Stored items
┌──

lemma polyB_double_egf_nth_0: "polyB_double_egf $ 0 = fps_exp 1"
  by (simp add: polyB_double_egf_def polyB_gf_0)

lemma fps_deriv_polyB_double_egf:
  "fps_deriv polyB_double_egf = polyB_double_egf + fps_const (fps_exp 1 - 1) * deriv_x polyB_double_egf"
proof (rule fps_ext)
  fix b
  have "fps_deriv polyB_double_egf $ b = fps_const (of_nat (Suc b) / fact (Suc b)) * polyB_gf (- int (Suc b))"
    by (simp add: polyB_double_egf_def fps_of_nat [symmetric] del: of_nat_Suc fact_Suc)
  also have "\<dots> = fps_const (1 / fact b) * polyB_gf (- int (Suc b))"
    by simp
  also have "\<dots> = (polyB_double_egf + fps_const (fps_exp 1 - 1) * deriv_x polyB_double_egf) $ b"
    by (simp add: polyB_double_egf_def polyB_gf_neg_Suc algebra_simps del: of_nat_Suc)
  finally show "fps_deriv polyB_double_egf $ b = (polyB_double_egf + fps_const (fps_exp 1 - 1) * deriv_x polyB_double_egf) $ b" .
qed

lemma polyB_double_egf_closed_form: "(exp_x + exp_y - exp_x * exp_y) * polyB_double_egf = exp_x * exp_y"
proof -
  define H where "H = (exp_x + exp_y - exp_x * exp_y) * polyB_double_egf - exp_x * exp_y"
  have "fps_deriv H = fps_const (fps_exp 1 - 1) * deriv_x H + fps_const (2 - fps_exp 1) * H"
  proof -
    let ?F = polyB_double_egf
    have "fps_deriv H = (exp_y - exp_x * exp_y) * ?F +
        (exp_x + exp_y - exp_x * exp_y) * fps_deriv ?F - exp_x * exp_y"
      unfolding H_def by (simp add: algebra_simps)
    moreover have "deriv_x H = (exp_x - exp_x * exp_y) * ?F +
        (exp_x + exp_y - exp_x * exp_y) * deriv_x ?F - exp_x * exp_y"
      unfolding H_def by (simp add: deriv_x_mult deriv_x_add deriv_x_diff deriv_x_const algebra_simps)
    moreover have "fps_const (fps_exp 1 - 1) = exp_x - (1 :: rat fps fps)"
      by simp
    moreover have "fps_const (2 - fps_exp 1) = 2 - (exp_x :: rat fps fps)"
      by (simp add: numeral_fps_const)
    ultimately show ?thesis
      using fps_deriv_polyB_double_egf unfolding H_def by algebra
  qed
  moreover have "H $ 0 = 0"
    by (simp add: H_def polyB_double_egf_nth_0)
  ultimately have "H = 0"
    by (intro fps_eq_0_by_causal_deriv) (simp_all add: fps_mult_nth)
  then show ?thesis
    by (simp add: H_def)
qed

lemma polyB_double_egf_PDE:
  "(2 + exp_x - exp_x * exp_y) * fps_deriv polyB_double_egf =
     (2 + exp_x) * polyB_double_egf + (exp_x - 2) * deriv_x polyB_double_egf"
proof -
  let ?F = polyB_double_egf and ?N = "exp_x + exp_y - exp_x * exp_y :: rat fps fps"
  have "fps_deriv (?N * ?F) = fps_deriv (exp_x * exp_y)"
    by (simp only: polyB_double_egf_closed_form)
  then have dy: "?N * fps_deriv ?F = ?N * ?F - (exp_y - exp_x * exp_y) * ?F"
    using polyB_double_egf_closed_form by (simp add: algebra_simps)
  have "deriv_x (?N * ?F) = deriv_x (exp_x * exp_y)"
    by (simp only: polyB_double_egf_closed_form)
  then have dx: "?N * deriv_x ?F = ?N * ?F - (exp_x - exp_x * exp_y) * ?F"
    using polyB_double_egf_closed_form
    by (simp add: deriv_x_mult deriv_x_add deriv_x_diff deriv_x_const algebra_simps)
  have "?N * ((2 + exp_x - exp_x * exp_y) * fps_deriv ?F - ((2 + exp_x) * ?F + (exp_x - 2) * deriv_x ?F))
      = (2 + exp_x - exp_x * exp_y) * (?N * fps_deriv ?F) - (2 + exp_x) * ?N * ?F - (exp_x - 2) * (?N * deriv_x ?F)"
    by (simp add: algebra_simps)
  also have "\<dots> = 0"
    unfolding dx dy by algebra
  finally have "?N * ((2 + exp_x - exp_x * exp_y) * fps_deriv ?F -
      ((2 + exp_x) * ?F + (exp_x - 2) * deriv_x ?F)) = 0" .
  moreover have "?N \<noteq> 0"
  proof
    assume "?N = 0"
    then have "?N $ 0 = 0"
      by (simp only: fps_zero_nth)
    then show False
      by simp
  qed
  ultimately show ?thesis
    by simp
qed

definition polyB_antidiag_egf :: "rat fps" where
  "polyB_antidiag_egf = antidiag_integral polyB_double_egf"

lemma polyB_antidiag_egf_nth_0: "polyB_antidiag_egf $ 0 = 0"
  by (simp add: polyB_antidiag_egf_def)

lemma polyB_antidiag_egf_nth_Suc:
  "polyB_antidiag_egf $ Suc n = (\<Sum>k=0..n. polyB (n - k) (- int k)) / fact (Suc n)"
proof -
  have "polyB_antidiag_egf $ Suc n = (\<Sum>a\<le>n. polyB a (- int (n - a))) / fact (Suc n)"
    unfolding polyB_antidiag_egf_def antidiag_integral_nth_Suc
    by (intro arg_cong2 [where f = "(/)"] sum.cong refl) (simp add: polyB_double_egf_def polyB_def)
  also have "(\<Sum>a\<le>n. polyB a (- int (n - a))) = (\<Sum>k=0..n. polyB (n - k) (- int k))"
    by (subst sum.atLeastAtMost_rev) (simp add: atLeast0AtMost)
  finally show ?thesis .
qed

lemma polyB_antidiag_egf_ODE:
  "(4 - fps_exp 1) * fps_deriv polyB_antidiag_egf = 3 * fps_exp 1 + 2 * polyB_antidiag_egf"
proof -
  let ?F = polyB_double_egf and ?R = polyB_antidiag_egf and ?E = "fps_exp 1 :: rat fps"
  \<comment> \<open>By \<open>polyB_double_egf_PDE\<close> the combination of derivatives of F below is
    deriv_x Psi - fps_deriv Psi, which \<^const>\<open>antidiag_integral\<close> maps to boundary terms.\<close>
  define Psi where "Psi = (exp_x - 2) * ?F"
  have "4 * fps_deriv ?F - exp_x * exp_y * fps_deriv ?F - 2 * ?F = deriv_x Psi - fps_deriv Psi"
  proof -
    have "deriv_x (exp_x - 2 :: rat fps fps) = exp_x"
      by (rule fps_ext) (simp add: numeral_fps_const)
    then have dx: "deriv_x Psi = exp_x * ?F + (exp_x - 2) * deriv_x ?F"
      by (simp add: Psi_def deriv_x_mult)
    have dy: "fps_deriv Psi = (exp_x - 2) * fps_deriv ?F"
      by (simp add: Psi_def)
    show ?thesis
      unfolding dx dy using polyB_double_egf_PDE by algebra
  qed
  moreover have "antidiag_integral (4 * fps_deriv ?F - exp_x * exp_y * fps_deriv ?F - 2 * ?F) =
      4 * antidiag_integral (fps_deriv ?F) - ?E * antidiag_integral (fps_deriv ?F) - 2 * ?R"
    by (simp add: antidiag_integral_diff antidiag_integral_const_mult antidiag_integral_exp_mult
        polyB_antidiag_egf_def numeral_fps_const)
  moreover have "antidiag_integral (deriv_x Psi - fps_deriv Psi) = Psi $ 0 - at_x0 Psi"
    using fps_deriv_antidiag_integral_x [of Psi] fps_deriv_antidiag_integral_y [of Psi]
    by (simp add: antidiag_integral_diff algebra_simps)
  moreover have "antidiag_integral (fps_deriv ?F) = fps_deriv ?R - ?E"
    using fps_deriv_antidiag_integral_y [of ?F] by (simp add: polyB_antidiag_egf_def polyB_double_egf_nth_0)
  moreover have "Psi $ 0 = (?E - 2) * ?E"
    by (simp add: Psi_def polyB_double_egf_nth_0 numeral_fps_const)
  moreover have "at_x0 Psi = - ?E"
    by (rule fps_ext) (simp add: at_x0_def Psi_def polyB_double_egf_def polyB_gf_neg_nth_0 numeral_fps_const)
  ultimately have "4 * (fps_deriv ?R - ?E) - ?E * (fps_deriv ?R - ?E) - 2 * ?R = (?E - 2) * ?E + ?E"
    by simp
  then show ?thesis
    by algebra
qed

└──
┌──

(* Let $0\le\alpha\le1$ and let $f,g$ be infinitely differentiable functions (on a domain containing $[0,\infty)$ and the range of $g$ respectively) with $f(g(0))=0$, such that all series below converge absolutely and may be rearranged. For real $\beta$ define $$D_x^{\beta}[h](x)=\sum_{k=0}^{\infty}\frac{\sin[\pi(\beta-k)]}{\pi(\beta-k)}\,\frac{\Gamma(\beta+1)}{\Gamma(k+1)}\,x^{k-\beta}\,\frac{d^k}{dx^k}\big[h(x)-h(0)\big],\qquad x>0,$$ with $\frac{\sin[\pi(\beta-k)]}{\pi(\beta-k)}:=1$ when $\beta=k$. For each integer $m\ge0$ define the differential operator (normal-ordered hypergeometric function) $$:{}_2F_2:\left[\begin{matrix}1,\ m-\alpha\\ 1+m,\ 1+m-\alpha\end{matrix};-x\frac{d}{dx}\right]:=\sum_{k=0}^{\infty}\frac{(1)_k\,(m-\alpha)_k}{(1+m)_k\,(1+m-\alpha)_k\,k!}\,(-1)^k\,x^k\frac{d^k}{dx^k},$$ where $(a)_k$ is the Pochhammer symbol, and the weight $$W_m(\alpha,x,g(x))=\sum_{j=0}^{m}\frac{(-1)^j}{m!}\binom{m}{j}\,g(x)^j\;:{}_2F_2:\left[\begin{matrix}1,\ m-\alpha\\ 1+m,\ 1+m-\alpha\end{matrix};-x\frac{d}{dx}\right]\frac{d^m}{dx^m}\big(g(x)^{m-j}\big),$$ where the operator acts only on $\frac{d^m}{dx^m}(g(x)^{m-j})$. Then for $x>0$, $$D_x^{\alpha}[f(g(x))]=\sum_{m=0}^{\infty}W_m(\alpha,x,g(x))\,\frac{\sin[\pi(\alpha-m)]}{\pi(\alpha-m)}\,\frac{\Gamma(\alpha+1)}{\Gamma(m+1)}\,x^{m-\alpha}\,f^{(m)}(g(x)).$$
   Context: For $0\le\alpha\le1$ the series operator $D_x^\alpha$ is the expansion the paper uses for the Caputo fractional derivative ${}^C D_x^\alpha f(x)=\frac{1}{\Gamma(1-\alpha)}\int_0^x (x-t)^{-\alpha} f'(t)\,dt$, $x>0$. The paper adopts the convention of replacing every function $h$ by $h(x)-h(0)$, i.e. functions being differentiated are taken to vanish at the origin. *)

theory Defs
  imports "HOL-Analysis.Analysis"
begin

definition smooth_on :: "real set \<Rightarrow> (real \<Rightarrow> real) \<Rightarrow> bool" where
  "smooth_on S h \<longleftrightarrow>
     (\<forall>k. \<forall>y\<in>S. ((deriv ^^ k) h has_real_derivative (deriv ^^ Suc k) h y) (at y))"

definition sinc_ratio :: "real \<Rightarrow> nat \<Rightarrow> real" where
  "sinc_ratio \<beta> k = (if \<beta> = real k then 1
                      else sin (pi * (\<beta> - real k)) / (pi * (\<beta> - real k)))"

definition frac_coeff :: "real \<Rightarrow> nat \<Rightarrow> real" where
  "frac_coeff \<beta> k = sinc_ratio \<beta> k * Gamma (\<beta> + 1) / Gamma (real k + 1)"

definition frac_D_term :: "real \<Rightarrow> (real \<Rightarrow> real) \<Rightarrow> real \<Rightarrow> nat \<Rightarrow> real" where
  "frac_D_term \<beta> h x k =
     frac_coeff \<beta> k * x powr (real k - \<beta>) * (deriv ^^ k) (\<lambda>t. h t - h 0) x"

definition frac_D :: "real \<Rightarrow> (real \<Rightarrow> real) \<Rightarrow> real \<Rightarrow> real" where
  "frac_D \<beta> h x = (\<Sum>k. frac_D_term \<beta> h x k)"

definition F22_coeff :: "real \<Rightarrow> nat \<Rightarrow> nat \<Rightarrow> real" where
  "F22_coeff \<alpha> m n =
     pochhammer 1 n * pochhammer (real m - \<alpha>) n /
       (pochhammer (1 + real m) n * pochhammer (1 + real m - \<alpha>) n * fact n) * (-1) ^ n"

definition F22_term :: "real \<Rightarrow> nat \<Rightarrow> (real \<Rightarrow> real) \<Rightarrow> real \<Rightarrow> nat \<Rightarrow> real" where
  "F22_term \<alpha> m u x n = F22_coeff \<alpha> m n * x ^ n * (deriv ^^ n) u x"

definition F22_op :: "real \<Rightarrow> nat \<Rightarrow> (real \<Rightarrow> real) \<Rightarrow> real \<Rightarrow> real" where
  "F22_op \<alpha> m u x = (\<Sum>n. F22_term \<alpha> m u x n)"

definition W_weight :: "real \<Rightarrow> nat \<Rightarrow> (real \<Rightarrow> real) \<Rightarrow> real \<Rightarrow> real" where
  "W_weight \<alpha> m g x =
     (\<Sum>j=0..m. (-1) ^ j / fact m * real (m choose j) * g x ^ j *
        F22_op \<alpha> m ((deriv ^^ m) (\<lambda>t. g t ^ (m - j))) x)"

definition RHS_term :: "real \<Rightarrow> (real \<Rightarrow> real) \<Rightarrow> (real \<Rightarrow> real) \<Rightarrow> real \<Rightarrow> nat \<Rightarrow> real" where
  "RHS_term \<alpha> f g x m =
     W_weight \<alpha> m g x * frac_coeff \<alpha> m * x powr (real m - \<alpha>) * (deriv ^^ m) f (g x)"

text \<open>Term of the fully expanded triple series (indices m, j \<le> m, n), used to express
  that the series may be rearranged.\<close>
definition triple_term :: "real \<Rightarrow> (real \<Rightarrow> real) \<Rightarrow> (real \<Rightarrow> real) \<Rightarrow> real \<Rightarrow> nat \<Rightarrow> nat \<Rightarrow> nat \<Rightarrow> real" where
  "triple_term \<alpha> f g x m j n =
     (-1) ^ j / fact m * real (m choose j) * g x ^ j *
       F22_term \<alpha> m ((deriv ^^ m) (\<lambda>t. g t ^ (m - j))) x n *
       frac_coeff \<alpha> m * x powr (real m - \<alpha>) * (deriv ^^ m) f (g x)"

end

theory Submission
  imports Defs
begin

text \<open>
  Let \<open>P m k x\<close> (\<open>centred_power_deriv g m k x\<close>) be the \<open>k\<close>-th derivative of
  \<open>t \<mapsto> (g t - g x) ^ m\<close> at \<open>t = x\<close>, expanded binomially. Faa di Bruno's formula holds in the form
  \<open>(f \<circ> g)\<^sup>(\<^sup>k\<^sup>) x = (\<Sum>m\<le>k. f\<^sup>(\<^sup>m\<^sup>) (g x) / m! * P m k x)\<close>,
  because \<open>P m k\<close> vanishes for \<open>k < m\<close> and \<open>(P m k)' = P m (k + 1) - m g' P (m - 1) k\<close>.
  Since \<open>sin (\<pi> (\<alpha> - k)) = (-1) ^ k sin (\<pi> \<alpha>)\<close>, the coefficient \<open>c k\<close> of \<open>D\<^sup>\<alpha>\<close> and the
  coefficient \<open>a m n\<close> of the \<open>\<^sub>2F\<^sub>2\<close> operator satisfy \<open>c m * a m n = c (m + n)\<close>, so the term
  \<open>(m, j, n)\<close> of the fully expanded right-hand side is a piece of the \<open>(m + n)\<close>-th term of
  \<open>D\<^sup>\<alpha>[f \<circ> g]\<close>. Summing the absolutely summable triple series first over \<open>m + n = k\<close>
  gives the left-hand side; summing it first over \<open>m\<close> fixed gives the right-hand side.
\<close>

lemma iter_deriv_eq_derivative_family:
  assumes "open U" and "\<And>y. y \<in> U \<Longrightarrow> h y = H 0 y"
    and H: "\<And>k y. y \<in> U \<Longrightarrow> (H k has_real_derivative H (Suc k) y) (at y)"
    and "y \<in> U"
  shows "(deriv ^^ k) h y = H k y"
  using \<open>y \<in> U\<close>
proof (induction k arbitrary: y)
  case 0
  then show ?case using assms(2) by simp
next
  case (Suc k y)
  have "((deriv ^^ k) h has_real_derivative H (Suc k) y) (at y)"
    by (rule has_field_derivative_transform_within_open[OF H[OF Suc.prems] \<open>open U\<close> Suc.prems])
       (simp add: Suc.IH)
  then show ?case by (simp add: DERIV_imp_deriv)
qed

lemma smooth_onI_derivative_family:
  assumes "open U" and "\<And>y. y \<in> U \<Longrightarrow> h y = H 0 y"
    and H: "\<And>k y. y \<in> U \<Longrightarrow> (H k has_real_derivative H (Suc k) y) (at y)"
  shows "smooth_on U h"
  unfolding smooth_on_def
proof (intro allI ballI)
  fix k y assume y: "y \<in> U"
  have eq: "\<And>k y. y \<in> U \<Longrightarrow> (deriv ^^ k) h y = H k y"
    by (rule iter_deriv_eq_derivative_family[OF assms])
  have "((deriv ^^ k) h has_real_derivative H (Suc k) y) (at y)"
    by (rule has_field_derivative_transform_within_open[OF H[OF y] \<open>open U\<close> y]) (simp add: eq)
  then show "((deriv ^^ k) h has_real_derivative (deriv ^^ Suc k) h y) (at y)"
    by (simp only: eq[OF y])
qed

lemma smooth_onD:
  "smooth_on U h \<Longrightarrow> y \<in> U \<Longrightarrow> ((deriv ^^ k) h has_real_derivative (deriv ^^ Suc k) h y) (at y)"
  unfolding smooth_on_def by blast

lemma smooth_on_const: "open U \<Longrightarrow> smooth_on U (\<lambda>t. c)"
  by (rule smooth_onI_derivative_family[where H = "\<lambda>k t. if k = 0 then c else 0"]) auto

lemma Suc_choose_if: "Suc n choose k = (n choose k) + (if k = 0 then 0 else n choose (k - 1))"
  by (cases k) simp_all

└──

_Problem details_
Of all the entries above, repeat only the lines from the line that has "0 = fps_exp" to the line that has "(exp_x :: rat", both lines included, exactly.

_Written solution_
lemma polyB_double_egf_nth_0: "polyB_double_egf $ 0 = fps_exp 1"
  by (simp add: polyB_double_egf_def polyB_gf_0)

lemma fps_deriv_polyB_double_egf:
  "fps_deriv polyB_double_egf = polyB_double_egf + fps_const (fps_exp 1 - 1) * deriv_x polyB_double_egf"
proof (rule fps_ext)
  fix b
  have "fps_deriv polyB_double_egf $ b = fps_const (of_nat (Suc b) / fact (Suc b)) * polyB_gf (- int (Suc b))"
    by (simp add: polyB_double_egf_def fps_of_nat [symmetric] del: of_nat_Suc fact_Suc)
  also have "\<dots> = fps_const (1 / fact b) * polyB_gf (- int (Suc b))"
    by simp
  also have "\<dots> = (polyB_double_egf + fps_const (fps_exp 1 - 1) * deriv_x polyB_double_egf) $ b"
    by (simp add: polyB_double_egf_def polyB_gf_neg_Suc algebra_simps del: of_nat_Suc)
  finally show "fps_deriv polyB_double_egf $ b = (polyB_double_egf + fps_const (fps_exp 1 - 1) * deriv_x polyB_double_egf) $ b" .
qed

lemma polyB_double_egf_closed_form: "(exp_x + exp_y - exp_x * exp_y) * polyB_double_egf = exp_x * exp_y"
proof -
  define H where "H = (exp_x + exp_y - exp_x * exp_y) * polyB_double_egf - exp_x * exp_y"
  have "fps_deriv H = fps_const (fps_exp 1 - 1) * deriv_x H + fps_const (2 - fps_exp 1) * H"
  proof -
    let ?F = polyB_double_egf
    have "fps_deriv H = (exp_y - exp_x * exp_y) * ?F +
        (exp_x + exp_y - exp_x * exp_y) * fps_deriv ?F - exp_x * exp_y"
      unfolding H_def by (simp add: algebra_simps)
    moreover have "deriv_x H = (exp_x - exp_x * exp_y) * ?F +
        (exp_x + exp_y - exp_x * exp_y) * deriv_x ?F - exp_x * exp_y"
      unfolding H_def by (simp add: deriv_x_mult deriv_x_add deriv_x_diff deriv_x_const algebra_simps)
    moreover have "fps_const (fps_exp 1 - 1) = exp_x - (1 :: rat fps fps)"
      by simp
    moreover have "fps_const (2 - fps_exp 1) = 2 - (exp_x :: rat fps fps)"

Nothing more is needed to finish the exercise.